[Dataset entries]
BEGIN

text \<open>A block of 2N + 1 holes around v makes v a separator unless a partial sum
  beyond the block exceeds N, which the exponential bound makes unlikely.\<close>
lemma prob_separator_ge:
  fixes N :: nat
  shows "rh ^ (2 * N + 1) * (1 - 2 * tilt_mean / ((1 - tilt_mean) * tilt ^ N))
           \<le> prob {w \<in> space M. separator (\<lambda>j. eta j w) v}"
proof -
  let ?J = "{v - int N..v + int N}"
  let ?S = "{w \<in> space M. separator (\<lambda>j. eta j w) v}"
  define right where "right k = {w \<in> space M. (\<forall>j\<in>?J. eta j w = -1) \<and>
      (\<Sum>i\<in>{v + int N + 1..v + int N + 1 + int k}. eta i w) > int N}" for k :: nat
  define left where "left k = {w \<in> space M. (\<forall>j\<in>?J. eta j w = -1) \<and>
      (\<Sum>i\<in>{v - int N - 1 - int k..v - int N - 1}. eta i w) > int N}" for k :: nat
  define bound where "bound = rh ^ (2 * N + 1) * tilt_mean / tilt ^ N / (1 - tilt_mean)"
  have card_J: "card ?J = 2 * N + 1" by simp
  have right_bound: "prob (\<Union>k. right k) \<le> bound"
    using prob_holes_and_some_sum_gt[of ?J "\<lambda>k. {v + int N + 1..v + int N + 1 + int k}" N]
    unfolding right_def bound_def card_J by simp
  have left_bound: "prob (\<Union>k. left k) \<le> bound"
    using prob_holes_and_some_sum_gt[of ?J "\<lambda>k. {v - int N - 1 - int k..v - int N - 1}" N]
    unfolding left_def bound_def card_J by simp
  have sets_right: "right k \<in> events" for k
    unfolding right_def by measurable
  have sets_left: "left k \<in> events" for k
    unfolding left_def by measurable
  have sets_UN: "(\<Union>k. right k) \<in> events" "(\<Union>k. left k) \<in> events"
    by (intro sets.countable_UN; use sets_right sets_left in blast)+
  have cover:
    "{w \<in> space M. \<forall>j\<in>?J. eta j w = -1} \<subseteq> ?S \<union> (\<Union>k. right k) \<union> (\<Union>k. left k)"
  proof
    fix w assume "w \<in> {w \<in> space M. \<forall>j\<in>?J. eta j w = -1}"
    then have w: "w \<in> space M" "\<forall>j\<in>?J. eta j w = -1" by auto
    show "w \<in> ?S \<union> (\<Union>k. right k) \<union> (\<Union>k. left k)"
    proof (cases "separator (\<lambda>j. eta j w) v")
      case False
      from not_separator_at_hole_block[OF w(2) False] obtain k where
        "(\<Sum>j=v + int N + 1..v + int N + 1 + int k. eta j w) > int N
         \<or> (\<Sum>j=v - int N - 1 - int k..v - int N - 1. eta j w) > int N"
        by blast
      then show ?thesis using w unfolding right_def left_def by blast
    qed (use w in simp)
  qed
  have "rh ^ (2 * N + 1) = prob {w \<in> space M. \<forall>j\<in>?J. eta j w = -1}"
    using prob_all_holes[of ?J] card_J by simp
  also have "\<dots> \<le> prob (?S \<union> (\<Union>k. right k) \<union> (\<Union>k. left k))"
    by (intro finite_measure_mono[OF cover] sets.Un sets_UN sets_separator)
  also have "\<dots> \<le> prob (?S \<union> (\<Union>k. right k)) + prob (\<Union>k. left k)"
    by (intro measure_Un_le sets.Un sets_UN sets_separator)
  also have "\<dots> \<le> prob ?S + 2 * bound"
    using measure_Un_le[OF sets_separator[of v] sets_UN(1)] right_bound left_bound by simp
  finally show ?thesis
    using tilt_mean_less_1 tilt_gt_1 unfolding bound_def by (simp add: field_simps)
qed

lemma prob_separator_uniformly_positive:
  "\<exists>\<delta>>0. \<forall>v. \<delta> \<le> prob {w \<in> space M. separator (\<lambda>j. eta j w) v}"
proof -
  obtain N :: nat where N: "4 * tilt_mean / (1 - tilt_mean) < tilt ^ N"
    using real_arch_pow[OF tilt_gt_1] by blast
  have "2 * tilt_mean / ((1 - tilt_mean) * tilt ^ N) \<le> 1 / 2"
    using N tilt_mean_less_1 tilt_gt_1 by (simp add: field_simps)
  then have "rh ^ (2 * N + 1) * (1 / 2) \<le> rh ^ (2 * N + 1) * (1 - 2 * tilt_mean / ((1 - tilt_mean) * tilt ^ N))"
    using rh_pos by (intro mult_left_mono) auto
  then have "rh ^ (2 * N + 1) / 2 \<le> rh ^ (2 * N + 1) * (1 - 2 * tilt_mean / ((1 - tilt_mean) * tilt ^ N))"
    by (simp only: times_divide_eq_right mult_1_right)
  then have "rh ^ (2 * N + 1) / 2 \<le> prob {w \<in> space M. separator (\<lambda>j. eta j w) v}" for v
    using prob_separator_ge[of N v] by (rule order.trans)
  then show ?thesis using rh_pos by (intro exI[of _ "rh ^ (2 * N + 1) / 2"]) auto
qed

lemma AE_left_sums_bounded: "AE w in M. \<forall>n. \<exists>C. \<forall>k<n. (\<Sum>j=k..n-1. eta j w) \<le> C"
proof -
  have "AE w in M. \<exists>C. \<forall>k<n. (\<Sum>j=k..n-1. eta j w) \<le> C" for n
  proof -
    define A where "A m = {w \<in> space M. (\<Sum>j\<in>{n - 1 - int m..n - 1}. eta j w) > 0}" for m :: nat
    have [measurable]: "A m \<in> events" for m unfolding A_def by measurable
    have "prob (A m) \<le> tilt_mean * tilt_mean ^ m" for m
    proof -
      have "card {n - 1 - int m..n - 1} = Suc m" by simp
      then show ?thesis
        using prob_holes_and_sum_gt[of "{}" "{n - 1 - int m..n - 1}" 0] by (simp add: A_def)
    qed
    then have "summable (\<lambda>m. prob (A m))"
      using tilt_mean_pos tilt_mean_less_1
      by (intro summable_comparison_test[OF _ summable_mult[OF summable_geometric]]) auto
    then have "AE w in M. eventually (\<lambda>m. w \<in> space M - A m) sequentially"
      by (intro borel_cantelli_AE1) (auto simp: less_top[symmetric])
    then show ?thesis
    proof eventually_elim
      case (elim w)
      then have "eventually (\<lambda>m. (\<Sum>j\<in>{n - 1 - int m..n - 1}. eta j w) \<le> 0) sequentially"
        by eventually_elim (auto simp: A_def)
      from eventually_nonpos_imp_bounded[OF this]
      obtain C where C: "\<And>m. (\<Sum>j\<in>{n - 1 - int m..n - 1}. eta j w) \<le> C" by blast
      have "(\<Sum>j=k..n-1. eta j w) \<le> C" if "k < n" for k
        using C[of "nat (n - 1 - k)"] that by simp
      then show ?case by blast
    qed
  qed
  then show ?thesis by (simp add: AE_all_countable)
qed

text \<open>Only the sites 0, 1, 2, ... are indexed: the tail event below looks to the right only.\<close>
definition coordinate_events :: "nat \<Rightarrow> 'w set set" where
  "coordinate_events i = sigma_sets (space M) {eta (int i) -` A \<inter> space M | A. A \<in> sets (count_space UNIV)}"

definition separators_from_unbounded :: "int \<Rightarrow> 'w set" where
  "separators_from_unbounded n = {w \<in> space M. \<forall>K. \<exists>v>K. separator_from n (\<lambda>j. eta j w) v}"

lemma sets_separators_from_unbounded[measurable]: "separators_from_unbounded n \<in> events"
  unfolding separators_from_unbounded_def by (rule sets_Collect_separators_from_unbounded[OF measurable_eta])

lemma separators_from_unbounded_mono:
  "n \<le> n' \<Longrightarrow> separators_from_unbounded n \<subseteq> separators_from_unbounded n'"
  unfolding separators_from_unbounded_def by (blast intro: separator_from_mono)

END
BEGIN

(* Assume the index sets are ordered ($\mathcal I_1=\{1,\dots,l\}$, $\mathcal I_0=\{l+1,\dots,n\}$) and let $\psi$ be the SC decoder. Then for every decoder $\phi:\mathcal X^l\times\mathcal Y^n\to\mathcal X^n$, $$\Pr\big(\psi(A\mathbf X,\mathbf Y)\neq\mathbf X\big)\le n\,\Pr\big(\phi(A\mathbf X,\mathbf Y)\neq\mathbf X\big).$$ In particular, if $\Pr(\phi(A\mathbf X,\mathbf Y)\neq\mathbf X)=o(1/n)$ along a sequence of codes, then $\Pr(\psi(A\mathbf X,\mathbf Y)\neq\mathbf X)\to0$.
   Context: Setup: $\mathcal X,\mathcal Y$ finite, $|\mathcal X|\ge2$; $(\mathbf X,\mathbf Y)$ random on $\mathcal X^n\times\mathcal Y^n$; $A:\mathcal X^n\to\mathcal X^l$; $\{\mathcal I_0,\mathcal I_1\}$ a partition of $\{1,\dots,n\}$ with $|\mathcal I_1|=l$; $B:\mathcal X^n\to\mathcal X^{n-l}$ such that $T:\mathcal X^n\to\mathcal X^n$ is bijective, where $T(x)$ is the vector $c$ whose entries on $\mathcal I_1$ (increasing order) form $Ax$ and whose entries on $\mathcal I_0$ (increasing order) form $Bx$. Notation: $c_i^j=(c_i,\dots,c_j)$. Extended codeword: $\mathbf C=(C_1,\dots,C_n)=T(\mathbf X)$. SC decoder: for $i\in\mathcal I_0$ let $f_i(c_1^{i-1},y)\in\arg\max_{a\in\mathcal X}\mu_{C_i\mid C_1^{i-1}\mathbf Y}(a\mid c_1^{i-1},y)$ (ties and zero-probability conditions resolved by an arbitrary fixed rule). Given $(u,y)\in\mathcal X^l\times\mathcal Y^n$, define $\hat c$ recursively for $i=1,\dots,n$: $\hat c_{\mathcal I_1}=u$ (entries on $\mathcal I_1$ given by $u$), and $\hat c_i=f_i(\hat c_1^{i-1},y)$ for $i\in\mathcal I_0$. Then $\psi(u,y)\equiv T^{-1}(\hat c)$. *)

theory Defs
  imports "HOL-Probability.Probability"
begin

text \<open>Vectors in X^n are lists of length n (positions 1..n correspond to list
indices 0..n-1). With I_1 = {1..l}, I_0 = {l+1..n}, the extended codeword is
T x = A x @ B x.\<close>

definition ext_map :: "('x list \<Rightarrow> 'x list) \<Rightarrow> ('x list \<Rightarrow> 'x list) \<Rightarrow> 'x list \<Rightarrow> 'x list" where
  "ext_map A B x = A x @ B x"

END

The task:
Copy only this part of the entries above: the line with "(simp add: A_def)", the line with "by (intro summable_comparison_test[OF", and the lines between, all exactly as written.

Answer below:
        using prob_holes_and_sum_gt[of "{}" "{n - 1 - int m..n - 1}" 0] by (simp add: A_def)
    qed
    then have "summable (\<lambda>m. prob (A m))"
      using tilt_mean_pos tilt_mean_less_1
      by (intro summable_comparison_test[OF _ summable_mult[OF summable_geometric]]) auto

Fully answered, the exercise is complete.